Combat Survival Guide is technically just a table of modifiers, but it's organized as a problem-solving tool, so you can figure out what you need to do depending on the situation. Even traditionally "non-combat" characters will find something in that PDF that they can do to help the group win the fight. Tricks and Tests of Will are some of my favorite parts of the Savage Worlds system.
5 comments:
Ouch. Belabors? Well, I'm glad you found it interesting anyway.
no offense intended. You obviously put alot of thought into the topic.
P.S.: I't not like I have any right accusing someone else of being wordy.
BTW, I'd be interested to hear what your three nits would be.
I’ve already spent some serious word count on exactly that (there’s several fairly bitchy Savage Worlds posts in the past couple weeks of my blog) but I’ll summarize:
1) Damage Rolls. I like the one big roll instead of lots of little record keeping, but I hate how big some of those rolls get. Grenades, rockets, blunderbusses and lasers have you rolling 3 or more dice and adding them together. A LAW with a Raise is 5d6+2, and chances are a couple of those 5 dice will ace. Then you subtract toughness, and divide the remainder by 4. Then they can spend bennies to make soak rolls. Yuck. There’s a chance the target might survive if their Vigor’s good enough, so you can’t just fiat it to “he’s blown to bits, lets skip those 10 dice.”

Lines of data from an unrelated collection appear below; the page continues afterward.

lemma R_m0_h0_cube:
  assumes p: "cmod p = 1" and Im_nz: "Im (p^3) \<noteq> 0"
  shows "R_m0 h0 (p^3) = h0 (p^3)"
proof -
  define z where "z = p^3"
  define c where "c = Re p"
  define s where "s = Im p"
  define r where "r = sqrt 3 / 2"
  define V where "V = (Re z + weierstrass z) / 2"
  have cs: "c\<^sup>2 + s\<^sup>2 = 1" using p cmod_power2[of p] by (simp add: c_def s_def)
  have r2: "r\<^sup>2 = 3/4" unfolding r_def by (simp add: power_divide)
  have coords: "Re p = c" "Im p = s"
    "Re (p * omega3) = - c/2 - r * s" "Im (p * omega3) = - s/2 + r * c"
    "Re (p * omega3 * omega3) = - c/2 + r * s" "Im (p * omega3 * omega3) = - s/2 - r * c"
    by (simp_all only: c_def s_def r_def Re_Im_mult_omega3) (simp_all add: field_simps)
  have Re_z: "Re z = c^3 - 3 * c * s\<^sup>2" and Im_z: "Im z = 3 * c\<^sup>2 * s - s^3"
    unfolding z_def c_def s_def by (simp_all add: power3_eq_cube power2_eq_square algebra_simps)
  have "3 * c\<^sup>2 * s - s^3 = -4 * s * (- s/2 + r * c) * (- s/2 - r * c)"
    using r2 by algebra
  then have nz: "s \<noteq> 0" "- s/2 + r * c \<noteq> 0" "- s/2 - r * c \<noteq> 0"
    using Im_nz unfolding z_def[symmetric] Im_z by auto
  have z1: "cmod z = 1" unfolding z_def using p by (simp add: norm_power)
  have "cmod omega3 = 1" by (simp add: omega3_cis)
  then have unit: "cmod (p * omega3) = 1" "cmod (p * omega3 * omega3) = 1"
    using p by (simp_all add: norm_mult)
  have cube: "p^3 = z" "(p * omega3)^3 = z" "(p * omega3 * omega3)^3 = z"
    unfolding z_def using omega3_cube by (simp_all add: power_mult_distrib power3_eq_cube algebra_simps)
  note root_term = norm_m0_sq_mult_h0_cube_root[OF z1, folded V_def]
  have "R_m0 h0 z = (1/3) * (complex_of_real ((cmod (m0 p))\<^sup>2) * h0 p +
      complex_of_real ((cmod (m0 (p * omega3)))\<^sup>2) * h0 (p * omega3) +
      complex_of_real ((cmod (m0 (p * omega3 * omega3)))\<^sup>2) * h0 (p * omega3 * omega3))"
    unfolding z_def using p by (intro R_m0_cube) auto
  also have "\<dots> = \<i> * complex_of_real ((2/3) *
      ((c^3 / s + (- c/2 - r * s)^3 / (- s/2 + r * c) + (- c/2 + r * s)^3 / (- s/2 - r * c))
       - V * (c\<^sup>2 / s + (- c/2 - r * s)\<^sup>2 / (- s/2 + r * c) + (- c/2 + r * s)\<^sup>2 / (- s/2 - r * c))))"
    unfolding root_term[OF p cube(1)] root_term[OF unit(1) cube(2)] root_term[OF unit(2) cube(3)] coords
    by (simp add: algebra_simps)
  also have "\<dots> = \<i> * complex_of_real ((2/3) *
      (3 * (c^3 - 3 * c * s\<^sup>2) / (3 * c\<^sup>2 * s - s^3) - V * (3 / (3 * c\<^sup>2 * s - s^3))))"
    unfolding cube_root_fraction_identities[OF cs r2 nz] ..
  also have "\<dots> = h0 z"
    unfolding h0_def Re_z[symmetric] Im_z[symmetric] V_def
    using Im_nz by (simp add: z_def field_simps)
  finally show ?thesis unfolding z_def .
qed

text \<open>A measurable inverse of \<open>circ\<close> on the unit circle; the clamping to \<open>[-1, 1]\<close> only
  serves measurability, since \<open>arccos\<close> is junk outside that interval.\<close>
definition circ_angle :: "complex \<Rightarrow> real" where
  "circ_angle z = (let a = arccos (max (-1) (min 1 (Re z)))
                   in (if 0 \<le> Im z then a else 2 * pi - a) / (2 * pi))"

lemma circ_angle_measurable [measurable]: "circ_angle \<in> borel_measurable borel"
proof -
  have "continuous_on UNIV (\<lambda>x. arccos (max (-1) (min 1 x)))"
    by (rule continuous_on_arccos) (auto intro!: continuous_intros)
  then have [measurable]: "(\<lambda>x. arccos (max (-1) (min 1 x))) \<in> borel_measurable borel"
    by (rule borel_measurable_continuous_onI)
  show ?thesis unfolding circ_angle_def Let_def by measurable
qed

lemma circ_circ_angle:
  assumes "cmod z = 1"
  shows "circ (circ_angle z) = z"
proof -
  have Re_bound: "\<bar>Re z\<bar> \<le> 1" using abs_Re_le_cmod[of z] assms by simp
  then have clamp: "max (-1) (min 1 (Re z)) = Re z" by linarith
  have "(Re z)\<^sup>2 + (Im z)\<^sup>2 = 1" using assms unfolding cmod_def by simp
  then have "1 - (Re z)\<^sup>2 = (Im z)\<^sup>2" by linarith
  then have "sqrt (1 - (Re z)\<^sup>2) = \<bar>Im z\<bar>" by (simp only: real_sqrt_abs)
  then have sin_a: "sin (arccos (Re z)) = \<bar>Im z\<bar>"
    using sin_arccos_abs[OF Re_bound] by simp
  have cos_a: "cos (arccos (Re z)) = Re z"
    using Re_bound by (intro cos_arccos) linarith+
  have angle: "2 * pi * circ_angle z = (if 0 \<le> Im z then arccos (Re z) else 2 * pi - arccos (Re z))"
    unfolding circ_angle_def Let_def clamp by simp
  show ?thesis
  proof (cases "0 \<le> Im z")
    case True
    then show ?thesis using cos_a sin_a angle by (simp add: complex_eq_iff)
  next
    case False
    then show ?thesis using cos_a sin_a angle by (simp add: complex_eq_iff)
  qed
qed

lemma circ_angle_circ:
  assumes "0 \<le> t" "t < 1"
  shows "circ_angle (circ t) = t"
proof (cases "t \<le> 1/2")
  case True
  then have "0 \<le> 2 * pi * t" "2 * pi * t \<le> pi" using assms by auto
  then have "0 \<le> sin (2 * pi * t)" "arccos (cos (2 * pi * t)) = 2 * pi * t"
    by (simp_all add: sin_ge_zero arccos_cos)
  then show ?thesis
    unfolding circ_angle_def Let_def by simp
next
  case False
  then have "sin (2 * pi * t) < 0" using assms by (intro sin_lt_zero) auto
  moreover have "arccos (cos (2 * pi * t)) = 2 * pi - 2 * pi * t"
    using assms False arccos_cos[of "2 * pi - 2 * pi * t"] by simp
  ultimately show ?thesis
    unfolding circ_angle_def Let_def by simp
qed

lemma circ_angle_range: "circ_angle z \<in> {0..1}"
proof -
  have "0 \<le> arccos (max (-1) (min 1 (Re z)))" "arccos (max (-1) (min 1 (Re z))) \<le> pi"
    by (intro arccos_lbound arccos_ubound; simp)+
  then show ?thesis unfolding circ_angle_def Let_def by (simp add: divide_le_eq)
qed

2) Vagueness about number of actions, and how that stacks with the Edges that remove multi action penalties or grant extra actions (like First Strike). Some PCs just get a ton of actions. This is overwhelming for new players, and can make other people’s turns seem long and boring. I think this will go away with more experience with the system, but it turned me off pretty badly on my first session. The rest of the group had been running it for a while, and really liked SW, which is good ‘cause without them I would have given up.
3) Diminishing returns on larger dice. Each increase in die type gives slightly less of a bonus than the increase before it. Getting the d4 in some skill is always worth it, and upgrading to d6 is always worth it. D8 still gives a decent benefit, but the drawbacks start to get pronounced – in order to have a d8 on an attribute, you must have a d4 on a different attribute – so your d8 skill either costs twice as many skill points or is accompanied by the drawback of having a weakness in your attributes. Those drawbacks get steeper at d10 and d12, but the corresponding increase in average die roll (and in percentage chance of getting the baseline success of a 4) is less with each increase in die type.